Out of this limbo of unfinished business, from a people suspended in agony between present and past, life and death, Ahmed Saadawi has wrenched a fable that puts a cherished Romantic myth to urgent new use. In 2014, this novel won the International Prize for Arabic Fiction (the ‘Arabic Booker’). With Baghdad still scourged by sectarian violence, it now appears in Jonathan Wright’s salty, pacey translation. In their bicentenary year, Mary Shelley’s scientist and his creature will take plenty of contemporary spins.
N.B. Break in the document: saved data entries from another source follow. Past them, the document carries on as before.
lemma feasible_add_axis_nhd:
  fixes ps pc :: "real^'n::finite"
  assumes "feasible D0 \<alpha> \<beta> ps pc"
  obtains \<delta> where "\<delta> > 0" "\<And>k t. \<bar>t\<bar> < \<delta> \<Longrightarrow> feasible D0 \<alpha> \<beta> ps (pc + axis k t)"
proof
  define m where "m = Min (range (demand D0 \<alpha> \<beta> ps pc))"
  have m: "m > 0" "\<And>j. m \<le> demand D0 \<alpha> \<beta> ps pc j"
    using assms by (simp_all add: m_def feasible_def)
  show "m / (\<bar>\<alpha>\<bar> + \<bar>\<beta>\<bar> + 1) > 0"
    using m by simp
  fix k :: 'n and t assume t: "\<bar>t\<bar> < m / (\<bar>\<alpha>\<bar> + \<bar>\<beta>\<bar> + 1)"
  have "(if j = k then \<alpha> * t else - \<beta> * t) < m" for j
  proof -
    have "(if j = k then \<alpha> * t else - \<beta> * t) \<le> (\<bar>\<alpha>\<bar> + \<bar>\<beta>\<bar> + 1) * \<bar>t\<bar>"
      by (auto simp: abs_mult algebra_simps intro: order.trans[OF abs_ge_self])
    also have "\<dots> < m"
      using t by (simp add: field_simps)
    finally show ?thesis .
  qed
  then show "feasible D0 \<alpha> \<beta> ps (pc + axis k t)"
    unfolding feasible_def demand_add_axis by (metis diff_gt_0_iff_gt less_le_trans m(2))
qed

lemma linear_coeff_eq_0_if_local_max:
  fixes g a \<delta> :: real
  assumes "\<delta> > 0" "\<And>t. \<bar>t\<bar> < \<delta> \<Longrightarrow> t * g - a * t\<^sup>2 \<le> 0"
  shows "g = 0"
proof -
  have "DERIV (\<lambda>t. t * g - a * t\<^sup>2) 0 :> g"
    by (auto intro!: derivative_eq_intros)
  then show ?thesis
    by (rule DERIV_local_max[OF _ assms(1)]) (use assms(2) in force)
qed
Surely, no updated journey will be more necessary than Saadawi’s.

He tells a nightmarish, but horridly hilarious, tale of a vengeful ghoul stitched from the body parts of victims daily slain by limb-shredding suicide bombs in a city that reeks of ‘smoke, the burning of plastic and seat cushions, the roasting of human flesh’. Our cut-price Dr Frankenstein is the junk dealer Hadi, who lives next door to Elishva in a ramshackle ‘Jewish ruin’. Saadawi gently reminds us of the Jews who fled Baghdad, and the Christians fleeing now — Elishva’s scattered family keep in touch via Father Josiah’s cellphone. ‘Decades of disaster’ have hollowed out this city’s soul.

From the dismembered chunks he scavenges, Hadi builds his ‘composite of victims’ — called Daniel after the son Elishva lost to Saddam’s tyranny.